==== The data ====
lemma tribonacci_last_terms_close:
  fixes f :: "nat \<Rightarrow> real"
  assumes f: "tribonacci_upto k f" and pos: "0 < f 0" "0 < f 1" "0 < f 2" and k: "4 \<le> k"
  defines "t \<equiv> f (k - 1) / trib_phi powr (3 * real k / 2)"
  shows "\<bar>f (k - 2) - f (k - 1) / trib_phi\<bar> \<le> 250 * t"
    and "\<bar>f (k - 3) - f (k - 1) / trib_phi^2\<bar> \<le> 450 * t"
proof -
  let ?p = trib_phi
  have p: "1.83 \<le> ?p" "?p \<le> 1.84" "0 < ?p" using trib_phi_bounds by auto
  have "(?p powr (3 * real k / 2))^2 = ?p powr real (3*k)"
    using p by (simp add: powr_power)
  also have "\<dots> = ?p^(3*k)"
    using p by (intro powr_realpow) simp
  finally have t2: "t^2 * ?p^(3*k) = f (k - 1)^2"
    unfolding t_def using p by (simp add: power_divide)
  have "0 \<le> t"
    unfolding t_def using tribonacci_upto_pos[OF f pos, of "k - 1"] k by simp
  have "?p^15 \<le> 1.84^15" using p by (intro power_mono) auto
  moreover have "(1.84::real)^15 \<le> 9400" by (simp add: power_divide)
  ultimately have "16 * ?p^15 \<le> 150400" by simp
  have "tail_form ?p (f (k - 3)) (f (k - 2)) (f (k - 1)) * ?p^(3*k) \<le> 16 * ?p^15 * f (k - 1)^2"
    using tail_form_last_bound[OF _ p(2) trib_phi_cubic f pos k] p by simp
  also have "\<dots> \<le> 150400 * f (k - 1)^2"
    using \<open>16 * ?p^15 \<le> 150400\<close> by (intro mult_right_mono) simp_all
  also have "\<dots> = (150400 * t^2) * ?p^(3*k)"
    unfolding t2[symmetric] by (simp only: mult.assoc)
  finally have "tail_form ?p (f (k - 3)) (f (k - 2)) (f (k - 1)) \<le> 150400 * t^2"
    using p(3) by (meson mult_right_le_imp_le zero_less_power)
  then show "\<bar>f (k - 2) - f (k - 1) / ?p\<bar> \<le> 250 * t"
    and "\<bar>f (k - 3) - f (k - 1) / ?p^2\<bar> \<le> 450 * t"
    using tail_form_small_imp_close[OF p(1,2) \<open>0 \<le> t\<close>] by blast+
qed

lemma tribonacci_upto_of_int:
  "tribonacci_upto k f \<Longrightarrow> tribonacci_upto k (\<lambda>i. of_int (f i) :: 'a::ring_1)"
  unfolding tribonacci_upto_def by simp

lemma tribonacci_upto_eq_if_last_three:
  fixes f g :: "nat \<Rightarrow> 'a::cancel_semigroup_add"
  assumes f: "tribonacci_upto k f" and g: "tribonacci_upto k g"
    and last: "f (k - 1) = g (k - 1)" "f (k - 2) = g (k - 2)" "f (k - 3) = g (k - 3)"
    and i: "i < k"
  shows "f i = g i"
  using i
proof (induction "k - i" arbitrary: i rule: less_induct)
  case less
  show ?case
  proof (cases "i + 3 < k")
    case True
    have "f (i + 3) = f (i + 2) + f (i + 1) + f i" "g (i + 3) = g (i + 2) + g (i + 1) + g i"
      using f g True unfolding tribonacci_upto_def by blast+
    moreover have "f (i + 1) = g (i + 1)" "f (i + 2) = g (i + 2)" "f (i + 3) = g (i + 3)"
      using less True by auto
    ultimately show ?thesis by (metis add_left_cancel)
  next
    case False
    then have "i \<in> {k - 1, k - 2, k - 3}" using less.prems by auto
    then show ?thesis using last by auto
  qed
qed

lemma is_tribonacci_tribonacci_upto:
  assumes "is_tribonacci k a"
  shows "tribonacci_upto k (nth a)"
  unfolding tribonacci_upto_def
proof (intro allI impI)
  fix j assume "j + 3 < k"
  then have "4 \<le> j + 4 \<and> j + 4 \<le> k" by simp
  then have "a ! (j + 4 - 1) = a ! (j + 4 - 2) + a ! (j + 4 - 3) + a ! (j + 4 - 4)"
    using assms unfolding is_tribonacci_def by blast
  then show "a ! (j + 3) = a ! (j + 2) + a ! (j + 1) + a ! j"
    by (simp add: numeral_eq_Suc)
qed
(* Let $P=\{(u_1,v_1),\ldots,(u_n,v_n)\}\subseteq\{a,b\}^*\times\{a,b\}^*$ with $n\ge3$ have no solution as an instance of Restricted PCP, and let $W=W_0\cup\cdots\cup W_{15}$ be constructed from $P$ as in the context. Then for every cycle $Q$ of $W$, the componentwise product $Q$ in $F(\Gamma)\times F(\Gamma)$ is not equal to $(\varepsilon,\varepsilon)$.
   Context: For a set $H$, $F(H)$ denotes the free group on $H$; $\varepsilon$ is its identity (the empty word), and pairs of elements of free groups are multiplied componentwise. Restricted PCP: given $P=\{(u_1,v_1),\ldots,(u_n,v_n)\}\subseteq\{a,b\}^*\times\{a,b\}^*$ with $n\ge3$, a solution is a finite (possibly empty) sequence $l_1,\ldots,l_k$ with $2\le l_i\le n-1$ such that $u_1u_{l_1}\cdots u_{l_k}u_n=v_1v_{l_1}\cdots v_{l_k}v_n$. Construction of $W$. Let $\Gamma_i=\{a_i,b_i\}$ for $1\le i\le4$ and $\Gamma_B=\{x_1,\ldots,x_8\}$ be pairwise disjoint sets of letters, and $\Gamma=\Gamma_1\cup\Gamma_2\cup\Gamma_3\cup\Gamma_4\cup\Gamma_B$. Let $\delta_i:F(\{a,b\})\to F(\Gamma_i)$ be the homomorphism with $\delta_i(a)=a_i$, $\delta_i(b)=b_i$, and set $u_{ik}=\delta_i(u_k)$, $v_{ik}=\delta_i(v_k)$. For a positive integer $j$ let $\phi_i(j)=a_i^jb_i$ and $\psi_i(j)=(a_i^{-1})^jb_i^{-1}$. Put $x_0:=x_8$. For $p=1,2,3,4$ define $W_{4(p-1)}=\{(x_{2p-2}\,v_{p1}^{-1}u_{p1}\,x_{2p-1}^{-1},\; x_{2p-2}\,b_p\,x_{2p-1}^{-1})\}$, $W_{4(p-1)+1}=\{(x_{2p-1}\,u_{pj}\,x_{2p-1}^{-1},\; x_{2p-1}\,\phi_p(j)\,x_{2p-1}^{-1}) : 2\le j\le n-1\}$, $W_{4(p-1)+2}=\{(x_{2p-1}\,u_{pn}v_{pn}^{-1}\,x_{2p}^{-1},\; x_{2p-1}\,b_p^{-1}\,x_{2p}^{-1})\}$, $W_{4(p-1)+3}=\{(x_{2p}\,v_{pj}^{-1}\,x_{2p}^{-1},\; x_{2p}\,\psi_p(j)\,x_{2p}^{-1}) : 2\le j\le n-1\}$, and $W=W_0\cup W_1\cup\cdots\cup W_{15}$. A cycle of $W$ is a product $w_i\,w_{(i+1)\bmod 16}\cdots w_{(i+15)\bmod16}$ for some $0\le i\le15$, where $w_y\in W_y$ (a single pair) when $y$ is even and $w_y$ is a (possibly empty) finite product of pairs from $W_y$ when $y$ is odd. *)

theory Defs
  imports Main
begin

text \<open>An element of the free group F(H) is represented by a reduced word over
H \<times> bool, where (h, True) is the letter h and (h, False) its inverse.\<close>

type_synonym 'a fword = "('a \<times> bool) list"

fun push :: "'a \<times> bool \<Rightarrow> 'a fword \<Rightarrow> 'a fword" where
  "push x [] = [x]"
| "push x (y # ys) = (if fst x = fst y \<and> snd x \<noteq> snd y then ys else x # y # ys)"

definition fnorm :: "'a fword \<Rightarrow> 'a fword" where
  "fnorm w = foldr push w []"

definition fmul :: "'a fword \<Rightarrow> 'a fword \<Rightarrow> 'a fword" where
  "fmul u w = fnorm (u @ w)"

definition finv :: "'a fword \<Rightarrow> 'a fword" where
  "finv w = rev (map (\<lambda>(h, s). (h, \<not> s)) w)"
====
Exactly the lines above from the one with "less.prems by auto" to the one with "equal to $(\varepsilon,\varepsilon)$.", both included, are to be quoted; leave the rest out.

    then have "i \<in> {k - 1, k - 2, k - 3}" using less.prems by auto
    then show ?thesis using last by auto
  qed
qed

lemma is_tribonacci_tribonacci_upto:
  assumes "is_tribonacci k a"
  shows "tribonacci_upto k (nth a)"
  unfolding tribonacci_upto_def
proof (intro allI impI)
  fix j assume "j + 3 < k"
  then have "4 \<le> j + 4 \<and> j + 4 \<le> k" by simp
  then have "a ! (j + 4 - 1) = a ! (j + 4 - 2) + a ! (j + 4 - 3) + a ! (j + 4 - 4)"
    using assms unfolding is_tribonacci_def by blast
  then show "a ! (j + 3) = a ! (j + 2) + a ! (j + 1) + a ! j"
    by (simp add: numeral_eq_Suc)
qed
(* Let $P=\{(u_1,v_1),\ldots,(u_n,v_n)\}\subseteq\{a,b\}^*\times\{a,b\}^*$ with $n\ge3$ have no solution as an instance of Restricted PCP, and let $W=W_0\cup\cdots\cup W_{15}$ be constructed from $P$ as in the context. Then for every cycle $Q$ of $W$, the componentwise product $Q$ in $F(\Gamma)\times F(\Gamma)$ is not equal to $(\varepsilon,\varepsilon)$.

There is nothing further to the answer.